── Records for processing ──

lemma inner_cols_proj_perp_eq_0:
  assumes "orthonormal_cols p r U" "s < r"
  shows "(\<Sum>a<p. U a s * proj_perp p r U M a c) = 0"
proof -
  have "(\<Sum>s'<r. (\<Sum>a<p. U a s' * U a s) * (\<Sum>a<p. U a s' * M a c))
      = (\<Sum>s'<r. if s' = s then (\<Sum>a<p. U a s' * M a c) else 0)"
    using assms unfolding orthonormal_cols_def by (intro sum.cong refl) auto
  then show ?thesis
    using assms(2) by (simp add: inner_proj_perp)
qed

lemma proj_perp_mult_right:
  "proj_perp p r U (\<lambda>a i. \<Sum>c<N. M a c * Z c i) a i = (\<Sum>c<N. proj_perp p r U M a c * Z c i)"
  by (simp add: proj_perp_def left_diff_distrib sum_subtractf sum_mult_matmul_assoc)

lemma complement_coords_eq_krylov_coords:
  assumes U0: "orthonormal_cols p r U0" and Up: "orth_complement p r U0 Up"
    and U1: "orthonormal_cols p q U1"
    and U1_perp: "\<forall>s<r. \<forall>t<q. (\<Sum>a<p. U0 a s * U1 a t) = 0"
    and span: "\<forall>a<p. proj_perp p r U0 X a c = (\<Sum>t<q. U1 a t * w t)"
  shows "(\<Sum>i<p - r. (\<Sum>a<p. Up a i * X a c)\<^sup>2) = (\<Sum>t<q. (\<Sum>a<p. U1 a t * X a c)\<^sup>2)"
proof -
  define y where "y a = proj_perp p r U0 X a c" for a
  have "(\<Sum>i<p - r. (\<Sum>a<p. Up a i * X a c)\<^sup>2) = (\<Sum>i<p - r. (\<Sum>a<p. Up a i * y a)\<^sup>2)"
    unfolding y_def
    by (intro sum.cong refl arg_cong[where f = power2] inner_proj_perp_orthogonal[symmetric])
       (use orth_complement_cols_orthogonal[OF Up] in auto)
  also have "\<dots> = (\<Sum>a<p. (y a)\<^sup>2)"
    using orth_complement_parseval[OF Up, of y] inner_cols_proj_perp_eq_0[OF U0] by (simp add: y_def)
  also have "\<dots> = (\<Sum>a<p. (\<Sum>t<q. U1 a t * w t)\<^sup>2)"
    using span by (simp add: y_def)
  also have "\<dots> = (\<Sum>t<q. (w t)\<^sup>2)"
    by (rule sum_square_lincomb_isometry[where Q = "\<lambda>t a. U1 a t"])
       (use U1 in \<open>auto simp: orthonormal_cols_def\<close>)
  also have "\<dots> = (\<Sum>t<q. (\<Sum>a<p. U1 a t * y a)\<^sup>2)"
    using span orthonormal_cols_inner_lincomb[OF U1] by (simp add: y_def)
  also have "\<dots> = (\<Sum>t<q. (\<Sum>a<p. U1 a t * X a c)\<^sup>2)"
    unfolding y_def
    by (intro sum.cong refl arg_cong[where f = power2] inner_proj_perp_orthogonal)
       (use U1_perp in auto)
  finally show ?thesis .
qed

───

Exercise instructions >>
Only the lines of the data holding the string "lemma" are wanted; copy each of them.

Your response >>
lemma inner_cols_proj_perp_eq_0:
lemma proj_perp_mult_right:
lemma complement_coords_eq_krylov_coords:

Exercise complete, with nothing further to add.